Would you copy each line of the records that includes the word "length"?

[Data supplied]

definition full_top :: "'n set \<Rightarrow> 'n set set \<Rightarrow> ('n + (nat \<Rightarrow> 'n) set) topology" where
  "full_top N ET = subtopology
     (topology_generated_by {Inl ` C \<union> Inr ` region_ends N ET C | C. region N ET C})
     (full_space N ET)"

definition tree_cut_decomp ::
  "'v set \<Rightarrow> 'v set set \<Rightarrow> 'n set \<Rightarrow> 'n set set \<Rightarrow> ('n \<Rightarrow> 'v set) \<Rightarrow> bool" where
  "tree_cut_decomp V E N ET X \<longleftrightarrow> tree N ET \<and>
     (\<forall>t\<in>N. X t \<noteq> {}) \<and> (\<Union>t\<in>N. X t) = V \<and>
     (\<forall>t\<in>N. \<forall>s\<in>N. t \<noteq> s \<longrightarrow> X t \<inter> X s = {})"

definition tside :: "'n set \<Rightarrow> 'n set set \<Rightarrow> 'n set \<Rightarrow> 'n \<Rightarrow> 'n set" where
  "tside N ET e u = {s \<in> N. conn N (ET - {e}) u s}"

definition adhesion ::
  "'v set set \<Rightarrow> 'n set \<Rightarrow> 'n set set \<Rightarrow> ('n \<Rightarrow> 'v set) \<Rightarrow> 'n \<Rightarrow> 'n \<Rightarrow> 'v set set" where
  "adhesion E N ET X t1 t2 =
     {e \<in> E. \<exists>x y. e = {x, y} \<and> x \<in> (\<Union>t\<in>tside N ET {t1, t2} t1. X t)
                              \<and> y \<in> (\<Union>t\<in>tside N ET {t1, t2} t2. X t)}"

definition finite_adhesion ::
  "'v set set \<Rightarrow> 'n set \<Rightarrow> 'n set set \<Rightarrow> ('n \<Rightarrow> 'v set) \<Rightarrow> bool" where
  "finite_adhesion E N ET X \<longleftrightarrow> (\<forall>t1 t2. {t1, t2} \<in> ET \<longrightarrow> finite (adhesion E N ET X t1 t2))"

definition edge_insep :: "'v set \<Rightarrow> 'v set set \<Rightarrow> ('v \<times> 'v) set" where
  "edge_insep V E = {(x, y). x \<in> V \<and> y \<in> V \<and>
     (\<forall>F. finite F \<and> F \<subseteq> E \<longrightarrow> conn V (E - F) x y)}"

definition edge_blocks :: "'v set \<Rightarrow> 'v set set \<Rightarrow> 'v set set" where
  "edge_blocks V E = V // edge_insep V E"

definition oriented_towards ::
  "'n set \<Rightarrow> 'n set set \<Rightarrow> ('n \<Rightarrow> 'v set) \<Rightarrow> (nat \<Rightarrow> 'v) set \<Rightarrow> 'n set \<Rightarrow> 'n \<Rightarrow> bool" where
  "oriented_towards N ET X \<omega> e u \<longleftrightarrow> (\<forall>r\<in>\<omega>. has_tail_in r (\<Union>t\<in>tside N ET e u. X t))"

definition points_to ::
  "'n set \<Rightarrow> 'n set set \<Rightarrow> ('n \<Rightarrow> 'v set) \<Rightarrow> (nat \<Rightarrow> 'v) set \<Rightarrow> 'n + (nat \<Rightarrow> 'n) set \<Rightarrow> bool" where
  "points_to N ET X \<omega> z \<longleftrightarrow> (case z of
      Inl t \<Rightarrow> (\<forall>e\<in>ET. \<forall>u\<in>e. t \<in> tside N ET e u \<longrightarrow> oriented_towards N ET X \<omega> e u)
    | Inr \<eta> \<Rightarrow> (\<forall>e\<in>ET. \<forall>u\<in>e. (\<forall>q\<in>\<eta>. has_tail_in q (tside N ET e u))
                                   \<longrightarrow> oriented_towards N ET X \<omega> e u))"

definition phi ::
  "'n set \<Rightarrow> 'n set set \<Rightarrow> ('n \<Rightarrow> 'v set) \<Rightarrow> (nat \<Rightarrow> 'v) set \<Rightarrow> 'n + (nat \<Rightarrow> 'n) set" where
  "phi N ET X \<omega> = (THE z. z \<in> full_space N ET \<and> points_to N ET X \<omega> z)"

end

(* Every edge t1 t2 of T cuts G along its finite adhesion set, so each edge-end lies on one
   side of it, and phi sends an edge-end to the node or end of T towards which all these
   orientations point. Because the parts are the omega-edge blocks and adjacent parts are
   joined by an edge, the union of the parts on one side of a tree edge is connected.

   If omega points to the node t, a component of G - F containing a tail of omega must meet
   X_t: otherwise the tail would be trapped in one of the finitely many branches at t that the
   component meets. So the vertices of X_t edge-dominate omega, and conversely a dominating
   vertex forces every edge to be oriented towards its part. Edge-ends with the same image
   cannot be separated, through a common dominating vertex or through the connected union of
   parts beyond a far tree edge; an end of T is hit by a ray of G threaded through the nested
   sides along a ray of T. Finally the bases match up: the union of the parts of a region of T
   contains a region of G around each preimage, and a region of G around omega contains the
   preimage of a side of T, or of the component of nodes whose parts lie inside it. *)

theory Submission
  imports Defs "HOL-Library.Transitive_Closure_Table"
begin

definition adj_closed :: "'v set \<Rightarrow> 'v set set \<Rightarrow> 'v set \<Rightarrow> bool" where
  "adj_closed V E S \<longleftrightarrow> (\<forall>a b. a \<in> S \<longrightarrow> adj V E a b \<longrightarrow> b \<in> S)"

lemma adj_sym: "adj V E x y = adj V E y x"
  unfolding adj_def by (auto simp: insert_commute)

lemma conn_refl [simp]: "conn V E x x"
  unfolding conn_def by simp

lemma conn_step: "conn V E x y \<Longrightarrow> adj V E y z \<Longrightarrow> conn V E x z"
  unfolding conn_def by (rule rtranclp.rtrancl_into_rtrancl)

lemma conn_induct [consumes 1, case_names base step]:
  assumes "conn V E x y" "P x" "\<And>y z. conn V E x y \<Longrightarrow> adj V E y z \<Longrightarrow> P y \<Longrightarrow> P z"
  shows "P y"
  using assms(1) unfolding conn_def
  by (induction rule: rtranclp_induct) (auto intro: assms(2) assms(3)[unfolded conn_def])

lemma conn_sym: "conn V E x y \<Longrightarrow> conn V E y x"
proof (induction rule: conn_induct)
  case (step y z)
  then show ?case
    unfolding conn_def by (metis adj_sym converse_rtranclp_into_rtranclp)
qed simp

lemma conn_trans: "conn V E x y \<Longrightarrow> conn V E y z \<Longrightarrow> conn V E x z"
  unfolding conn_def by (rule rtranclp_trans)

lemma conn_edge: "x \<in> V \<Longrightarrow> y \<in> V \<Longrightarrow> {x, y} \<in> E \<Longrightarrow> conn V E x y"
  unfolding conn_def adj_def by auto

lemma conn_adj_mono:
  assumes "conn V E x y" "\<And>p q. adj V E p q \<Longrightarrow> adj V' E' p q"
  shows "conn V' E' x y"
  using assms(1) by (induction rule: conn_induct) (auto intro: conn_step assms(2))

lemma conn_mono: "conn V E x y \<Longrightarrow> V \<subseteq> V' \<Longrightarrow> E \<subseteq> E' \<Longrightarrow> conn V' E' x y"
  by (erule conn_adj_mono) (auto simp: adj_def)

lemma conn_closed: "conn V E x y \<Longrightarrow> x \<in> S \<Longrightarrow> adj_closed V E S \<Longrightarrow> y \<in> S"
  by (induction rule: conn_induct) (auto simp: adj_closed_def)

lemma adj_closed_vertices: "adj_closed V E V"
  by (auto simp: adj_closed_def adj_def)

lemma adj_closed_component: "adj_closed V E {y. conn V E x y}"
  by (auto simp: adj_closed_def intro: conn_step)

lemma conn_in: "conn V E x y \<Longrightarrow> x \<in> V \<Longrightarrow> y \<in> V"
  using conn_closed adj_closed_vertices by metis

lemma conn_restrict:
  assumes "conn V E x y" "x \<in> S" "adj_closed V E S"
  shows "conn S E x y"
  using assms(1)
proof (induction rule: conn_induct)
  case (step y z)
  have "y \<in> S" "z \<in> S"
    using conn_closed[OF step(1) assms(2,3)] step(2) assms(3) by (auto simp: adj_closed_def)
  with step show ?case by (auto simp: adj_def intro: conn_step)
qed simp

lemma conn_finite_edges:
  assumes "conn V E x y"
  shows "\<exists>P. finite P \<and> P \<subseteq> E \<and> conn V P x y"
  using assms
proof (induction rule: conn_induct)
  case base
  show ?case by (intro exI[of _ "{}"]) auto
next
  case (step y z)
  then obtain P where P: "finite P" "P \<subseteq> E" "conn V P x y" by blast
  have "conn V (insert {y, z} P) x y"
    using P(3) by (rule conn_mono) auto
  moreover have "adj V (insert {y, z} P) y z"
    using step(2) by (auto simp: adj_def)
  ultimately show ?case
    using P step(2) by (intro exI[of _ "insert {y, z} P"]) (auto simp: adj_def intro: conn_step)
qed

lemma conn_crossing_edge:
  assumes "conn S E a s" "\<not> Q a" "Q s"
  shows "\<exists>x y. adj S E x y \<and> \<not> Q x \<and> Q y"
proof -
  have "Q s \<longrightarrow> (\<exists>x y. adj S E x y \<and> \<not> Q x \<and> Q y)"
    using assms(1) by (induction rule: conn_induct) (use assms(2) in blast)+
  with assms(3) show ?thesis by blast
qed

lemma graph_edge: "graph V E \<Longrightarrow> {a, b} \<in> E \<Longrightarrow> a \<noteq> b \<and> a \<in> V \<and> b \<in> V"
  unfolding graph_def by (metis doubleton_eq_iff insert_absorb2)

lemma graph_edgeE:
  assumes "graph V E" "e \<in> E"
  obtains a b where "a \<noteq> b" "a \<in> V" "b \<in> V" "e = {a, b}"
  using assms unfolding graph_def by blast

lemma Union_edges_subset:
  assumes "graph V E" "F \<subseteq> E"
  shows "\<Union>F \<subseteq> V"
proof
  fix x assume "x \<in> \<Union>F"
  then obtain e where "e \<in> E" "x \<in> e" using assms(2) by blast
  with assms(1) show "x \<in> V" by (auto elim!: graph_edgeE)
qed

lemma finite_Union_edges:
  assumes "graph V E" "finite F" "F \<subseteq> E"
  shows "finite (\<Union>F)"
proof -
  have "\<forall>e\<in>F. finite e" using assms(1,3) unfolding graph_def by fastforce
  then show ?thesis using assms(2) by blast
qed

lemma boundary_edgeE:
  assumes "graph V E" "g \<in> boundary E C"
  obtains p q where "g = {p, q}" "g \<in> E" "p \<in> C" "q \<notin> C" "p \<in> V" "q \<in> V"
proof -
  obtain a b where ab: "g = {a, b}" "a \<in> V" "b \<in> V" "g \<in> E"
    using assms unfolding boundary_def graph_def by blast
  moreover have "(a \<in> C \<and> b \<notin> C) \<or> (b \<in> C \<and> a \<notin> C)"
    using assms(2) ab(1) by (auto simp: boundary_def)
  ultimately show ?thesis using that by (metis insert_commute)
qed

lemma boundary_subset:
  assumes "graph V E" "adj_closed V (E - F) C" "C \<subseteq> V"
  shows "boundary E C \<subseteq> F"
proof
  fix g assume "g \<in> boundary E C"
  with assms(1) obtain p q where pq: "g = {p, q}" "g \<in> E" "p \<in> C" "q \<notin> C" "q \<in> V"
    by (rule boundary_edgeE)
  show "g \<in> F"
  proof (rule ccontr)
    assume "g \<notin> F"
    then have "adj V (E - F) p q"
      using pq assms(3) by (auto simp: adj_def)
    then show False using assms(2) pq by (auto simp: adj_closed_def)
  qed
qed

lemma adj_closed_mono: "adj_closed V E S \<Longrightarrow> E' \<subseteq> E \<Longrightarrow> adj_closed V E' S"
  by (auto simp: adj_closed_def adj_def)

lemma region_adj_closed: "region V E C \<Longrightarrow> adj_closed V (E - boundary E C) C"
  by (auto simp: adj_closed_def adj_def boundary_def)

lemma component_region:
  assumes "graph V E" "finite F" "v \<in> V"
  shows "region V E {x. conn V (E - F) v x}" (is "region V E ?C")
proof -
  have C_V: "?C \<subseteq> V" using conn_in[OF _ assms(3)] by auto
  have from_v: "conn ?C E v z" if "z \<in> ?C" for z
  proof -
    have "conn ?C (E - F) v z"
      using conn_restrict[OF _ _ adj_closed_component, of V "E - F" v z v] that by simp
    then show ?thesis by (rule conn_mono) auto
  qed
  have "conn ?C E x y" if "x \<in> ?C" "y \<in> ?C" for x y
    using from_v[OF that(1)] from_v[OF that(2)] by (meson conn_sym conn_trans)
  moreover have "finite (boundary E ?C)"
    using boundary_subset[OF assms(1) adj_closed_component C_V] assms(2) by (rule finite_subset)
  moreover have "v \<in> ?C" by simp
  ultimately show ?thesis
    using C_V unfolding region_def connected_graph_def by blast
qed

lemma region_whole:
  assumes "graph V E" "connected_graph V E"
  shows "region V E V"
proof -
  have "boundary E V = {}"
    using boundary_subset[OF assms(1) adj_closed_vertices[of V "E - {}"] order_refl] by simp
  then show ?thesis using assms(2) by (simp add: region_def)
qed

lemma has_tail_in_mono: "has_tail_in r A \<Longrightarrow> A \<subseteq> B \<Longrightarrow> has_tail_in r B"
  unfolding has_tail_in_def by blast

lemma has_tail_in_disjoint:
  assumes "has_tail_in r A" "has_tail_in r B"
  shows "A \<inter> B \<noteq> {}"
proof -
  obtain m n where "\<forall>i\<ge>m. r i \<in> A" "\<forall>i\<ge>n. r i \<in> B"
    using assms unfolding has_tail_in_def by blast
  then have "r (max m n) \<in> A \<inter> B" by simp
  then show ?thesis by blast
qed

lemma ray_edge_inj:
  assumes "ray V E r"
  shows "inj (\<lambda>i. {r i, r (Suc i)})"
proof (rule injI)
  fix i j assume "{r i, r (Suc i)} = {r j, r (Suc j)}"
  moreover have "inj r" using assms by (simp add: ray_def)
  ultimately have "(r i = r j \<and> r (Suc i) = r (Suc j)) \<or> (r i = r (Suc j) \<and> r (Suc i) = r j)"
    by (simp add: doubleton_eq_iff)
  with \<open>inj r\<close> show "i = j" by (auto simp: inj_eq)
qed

[/Data supplied]
[Data supplied]

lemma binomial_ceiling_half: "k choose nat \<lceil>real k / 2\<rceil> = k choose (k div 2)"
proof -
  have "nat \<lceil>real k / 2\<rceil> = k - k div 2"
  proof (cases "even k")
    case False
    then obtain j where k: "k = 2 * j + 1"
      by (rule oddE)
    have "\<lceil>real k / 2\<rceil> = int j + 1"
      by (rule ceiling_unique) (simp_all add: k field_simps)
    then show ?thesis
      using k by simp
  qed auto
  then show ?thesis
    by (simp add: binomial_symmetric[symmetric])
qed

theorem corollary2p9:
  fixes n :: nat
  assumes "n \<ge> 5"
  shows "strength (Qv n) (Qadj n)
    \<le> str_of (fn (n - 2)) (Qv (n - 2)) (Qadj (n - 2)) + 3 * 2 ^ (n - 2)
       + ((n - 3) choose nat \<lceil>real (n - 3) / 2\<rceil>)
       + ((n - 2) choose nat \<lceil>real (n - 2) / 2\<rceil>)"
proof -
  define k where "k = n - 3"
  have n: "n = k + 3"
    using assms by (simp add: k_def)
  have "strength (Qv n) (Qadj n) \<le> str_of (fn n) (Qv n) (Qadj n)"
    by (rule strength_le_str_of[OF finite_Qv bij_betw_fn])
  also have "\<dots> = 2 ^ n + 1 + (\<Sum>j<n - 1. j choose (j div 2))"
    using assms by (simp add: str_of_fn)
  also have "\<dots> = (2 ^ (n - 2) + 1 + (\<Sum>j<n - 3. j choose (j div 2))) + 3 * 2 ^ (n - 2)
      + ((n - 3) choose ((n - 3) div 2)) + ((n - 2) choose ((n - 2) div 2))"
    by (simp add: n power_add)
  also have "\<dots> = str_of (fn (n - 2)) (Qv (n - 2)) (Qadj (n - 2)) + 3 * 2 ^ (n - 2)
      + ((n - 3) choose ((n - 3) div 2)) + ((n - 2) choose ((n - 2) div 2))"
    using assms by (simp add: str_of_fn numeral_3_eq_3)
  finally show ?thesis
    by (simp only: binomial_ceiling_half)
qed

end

[/Data supplied]
[Data supplied]

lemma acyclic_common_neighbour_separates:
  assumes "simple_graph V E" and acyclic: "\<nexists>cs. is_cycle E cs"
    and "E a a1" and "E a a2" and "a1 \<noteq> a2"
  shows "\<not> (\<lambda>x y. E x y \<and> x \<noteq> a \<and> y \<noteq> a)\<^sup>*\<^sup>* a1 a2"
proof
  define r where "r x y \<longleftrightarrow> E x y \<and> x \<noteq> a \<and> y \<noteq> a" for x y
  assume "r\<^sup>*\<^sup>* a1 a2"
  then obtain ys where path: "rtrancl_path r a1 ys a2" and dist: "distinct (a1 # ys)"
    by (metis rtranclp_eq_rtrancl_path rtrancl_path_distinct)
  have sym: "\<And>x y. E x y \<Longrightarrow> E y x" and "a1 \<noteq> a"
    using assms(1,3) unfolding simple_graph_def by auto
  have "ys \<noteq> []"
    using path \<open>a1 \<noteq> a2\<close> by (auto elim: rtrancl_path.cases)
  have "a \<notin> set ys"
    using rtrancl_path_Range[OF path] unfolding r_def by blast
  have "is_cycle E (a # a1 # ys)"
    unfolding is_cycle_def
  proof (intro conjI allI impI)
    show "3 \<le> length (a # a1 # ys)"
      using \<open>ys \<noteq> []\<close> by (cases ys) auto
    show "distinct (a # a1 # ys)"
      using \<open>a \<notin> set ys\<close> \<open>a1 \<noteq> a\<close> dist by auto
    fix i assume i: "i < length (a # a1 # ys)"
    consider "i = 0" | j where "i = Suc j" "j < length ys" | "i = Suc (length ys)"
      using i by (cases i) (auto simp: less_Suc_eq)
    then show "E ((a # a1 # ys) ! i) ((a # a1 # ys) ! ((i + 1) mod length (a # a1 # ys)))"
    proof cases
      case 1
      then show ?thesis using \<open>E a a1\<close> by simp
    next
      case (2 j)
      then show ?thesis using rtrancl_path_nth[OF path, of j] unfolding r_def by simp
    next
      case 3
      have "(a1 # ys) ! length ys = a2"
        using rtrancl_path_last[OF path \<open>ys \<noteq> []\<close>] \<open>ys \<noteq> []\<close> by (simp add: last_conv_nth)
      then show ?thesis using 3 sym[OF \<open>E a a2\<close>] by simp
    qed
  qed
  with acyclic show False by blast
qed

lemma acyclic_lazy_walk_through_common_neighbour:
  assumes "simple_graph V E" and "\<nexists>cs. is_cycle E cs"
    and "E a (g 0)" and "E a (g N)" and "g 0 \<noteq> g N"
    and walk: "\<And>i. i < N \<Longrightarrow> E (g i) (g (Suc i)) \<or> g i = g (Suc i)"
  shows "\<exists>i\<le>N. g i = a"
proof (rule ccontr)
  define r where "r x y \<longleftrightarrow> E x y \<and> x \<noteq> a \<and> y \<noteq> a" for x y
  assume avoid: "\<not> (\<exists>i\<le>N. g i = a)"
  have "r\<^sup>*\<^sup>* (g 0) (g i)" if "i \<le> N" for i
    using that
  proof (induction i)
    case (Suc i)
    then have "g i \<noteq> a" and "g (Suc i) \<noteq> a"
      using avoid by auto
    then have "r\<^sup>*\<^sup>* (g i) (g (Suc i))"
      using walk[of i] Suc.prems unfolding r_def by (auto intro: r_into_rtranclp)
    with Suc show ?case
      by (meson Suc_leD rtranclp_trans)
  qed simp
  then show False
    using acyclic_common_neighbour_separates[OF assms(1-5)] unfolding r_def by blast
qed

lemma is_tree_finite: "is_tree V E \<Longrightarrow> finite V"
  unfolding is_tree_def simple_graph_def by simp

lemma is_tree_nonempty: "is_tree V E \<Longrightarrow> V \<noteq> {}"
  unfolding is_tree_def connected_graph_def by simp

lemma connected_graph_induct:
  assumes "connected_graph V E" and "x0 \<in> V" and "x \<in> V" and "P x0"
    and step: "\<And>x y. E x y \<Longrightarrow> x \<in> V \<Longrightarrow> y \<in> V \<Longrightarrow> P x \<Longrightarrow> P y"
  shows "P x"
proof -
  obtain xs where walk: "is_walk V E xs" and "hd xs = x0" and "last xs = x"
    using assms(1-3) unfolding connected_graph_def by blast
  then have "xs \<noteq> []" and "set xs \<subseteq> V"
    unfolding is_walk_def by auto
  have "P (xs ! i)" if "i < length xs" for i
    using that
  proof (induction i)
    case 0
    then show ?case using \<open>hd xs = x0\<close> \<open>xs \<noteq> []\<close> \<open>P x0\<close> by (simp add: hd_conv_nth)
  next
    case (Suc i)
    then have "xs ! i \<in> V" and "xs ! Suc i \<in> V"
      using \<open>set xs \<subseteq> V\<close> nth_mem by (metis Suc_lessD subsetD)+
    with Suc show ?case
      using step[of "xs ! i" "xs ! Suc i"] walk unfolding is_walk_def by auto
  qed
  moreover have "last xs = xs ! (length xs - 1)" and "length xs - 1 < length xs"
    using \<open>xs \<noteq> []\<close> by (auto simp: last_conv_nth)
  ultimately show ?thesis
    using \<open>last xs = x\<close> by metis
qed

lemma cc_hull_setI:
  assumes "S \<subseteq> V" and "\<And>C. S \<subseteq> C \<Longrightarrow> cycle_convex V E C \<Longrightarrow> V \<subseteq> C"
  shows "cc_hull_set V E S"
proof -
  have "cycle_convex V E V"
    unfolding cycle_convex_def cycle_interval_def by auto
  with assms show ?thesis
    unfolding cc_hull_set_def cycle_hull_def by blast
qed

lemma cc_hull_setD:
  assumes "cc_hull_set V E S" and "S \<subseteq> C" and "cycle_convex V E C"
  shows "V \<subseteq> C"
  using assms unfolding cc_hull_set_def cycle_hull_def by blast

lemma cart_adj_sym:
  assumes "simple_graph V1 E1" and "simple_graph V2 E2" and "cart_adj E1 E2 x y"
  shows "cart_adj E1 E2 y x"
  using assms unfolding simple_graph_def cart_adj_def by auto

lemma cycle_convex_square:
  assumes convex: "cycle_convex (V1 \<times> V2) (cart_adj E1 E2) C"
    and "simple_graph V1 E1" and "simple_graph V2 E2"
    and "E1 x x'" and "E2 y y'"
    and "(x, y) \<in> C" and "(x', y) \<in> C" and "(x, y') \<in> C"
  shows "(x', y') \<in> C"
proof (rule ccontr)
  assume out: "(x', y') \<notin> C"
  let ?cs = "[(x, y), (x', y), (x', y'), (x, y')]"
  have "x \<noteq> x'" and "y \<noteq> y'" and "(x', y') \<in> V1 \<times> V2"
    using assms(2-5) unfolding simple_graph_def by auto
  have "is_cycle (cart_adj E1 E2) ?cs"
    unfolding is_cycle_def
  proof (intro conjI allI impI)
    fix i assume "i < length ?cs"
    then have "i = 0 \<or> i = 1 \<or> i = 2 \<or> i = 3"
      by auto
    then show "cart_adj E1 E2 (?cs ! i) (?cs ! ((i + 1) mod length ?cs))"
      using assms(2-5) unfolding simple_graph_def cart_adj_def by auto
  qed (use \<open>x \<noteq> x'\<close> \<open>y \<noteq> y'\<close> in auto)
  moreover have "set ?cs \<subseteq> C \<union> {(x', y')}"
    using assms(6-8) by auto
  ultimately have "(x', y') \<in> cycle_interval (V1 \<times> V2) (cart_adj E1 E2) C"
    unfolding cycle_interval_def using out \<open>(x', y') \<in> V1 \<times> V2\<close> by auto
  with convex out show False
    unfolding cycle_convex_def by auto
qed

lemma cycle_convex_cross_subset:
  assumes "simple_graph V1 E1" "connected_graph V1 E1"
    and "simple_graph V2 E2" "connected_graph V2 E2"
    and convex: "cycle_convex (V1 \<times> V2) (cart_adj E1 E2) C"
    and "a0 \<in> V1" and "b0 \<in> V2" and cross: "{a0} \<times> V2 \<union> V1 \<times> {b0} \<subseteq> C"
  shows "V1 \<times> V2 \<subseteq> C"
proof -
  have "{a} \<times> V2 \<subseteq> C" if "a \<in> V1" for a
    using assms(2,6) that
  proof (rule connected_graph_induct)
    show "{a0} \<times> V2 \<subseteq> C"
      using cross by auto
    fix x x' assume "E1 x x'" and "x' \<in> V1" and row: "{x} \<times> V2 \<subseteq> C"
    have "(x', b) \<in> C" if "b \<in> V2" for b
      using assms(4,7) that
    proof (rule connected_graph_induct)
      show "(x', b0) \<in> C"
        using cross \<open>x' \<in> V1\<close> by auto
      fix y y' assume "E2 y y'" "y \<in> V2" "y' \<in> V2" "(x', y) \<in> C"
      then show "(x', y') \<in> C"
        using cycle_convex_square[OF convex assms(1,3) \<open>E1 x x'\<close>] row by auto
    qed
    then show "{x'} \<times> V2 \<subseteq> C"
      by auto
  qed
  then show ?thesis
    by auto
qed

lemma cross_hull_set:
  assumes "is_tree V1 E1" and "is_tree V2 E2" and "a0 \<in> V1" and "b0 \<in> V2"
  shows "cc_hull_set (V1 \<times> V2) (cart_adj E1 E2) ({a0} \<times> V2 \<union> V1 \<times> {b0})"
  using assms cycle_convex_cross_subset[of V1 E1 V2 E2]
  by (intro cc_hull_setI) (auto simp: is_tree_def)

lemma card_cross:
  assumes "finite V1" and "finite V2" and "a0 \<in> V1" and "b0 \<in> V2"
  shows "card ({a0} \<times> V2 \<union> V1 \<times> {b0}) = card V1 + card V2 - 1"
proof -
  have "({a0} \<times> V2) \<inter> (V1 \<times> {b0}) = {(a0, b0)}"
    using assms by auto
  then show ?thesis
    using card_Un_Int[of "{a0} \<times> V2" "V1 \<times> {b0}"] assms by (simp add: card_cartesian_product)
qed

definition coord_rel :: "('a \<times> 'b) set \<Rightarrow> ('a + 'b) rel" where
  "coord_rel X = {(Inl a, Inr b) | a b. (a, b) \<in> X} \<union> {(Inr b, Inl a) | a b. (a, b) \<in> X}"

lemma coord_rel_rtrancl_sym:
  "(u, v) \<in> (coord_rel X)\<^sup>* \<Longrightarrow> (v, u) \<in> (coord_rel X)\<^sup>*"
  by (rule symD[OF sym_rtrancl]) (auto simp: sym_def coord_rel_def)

[/Data supplied]

Your solution
    show "3 \<le> length (a # a1 # ys)"
    fix i assume i: "i < length (a # a1 # ys)"
    consider "i = 0" | j where "i = Suc j" "j < length ys" | "i = Suc (length ys)"
    then show "E ((a # a1 # ys) ! i) ((a # a1 # ys) ! ((i + 1) mod length (a # a1 # ys)))"
      have "(a1 # ys) ! length ys = a2"
  have "P (xs ! i)" if "i < length xs" for i
  moreover have "last xs = xs ! (length xs - 1)" and "length xs - 1 < length xs"
    fix i assume "i < length ?cs"
    then show "cart_adj E1 E2 (?cs ! i) (?cs ! ((i + 1) mod length ?cs))"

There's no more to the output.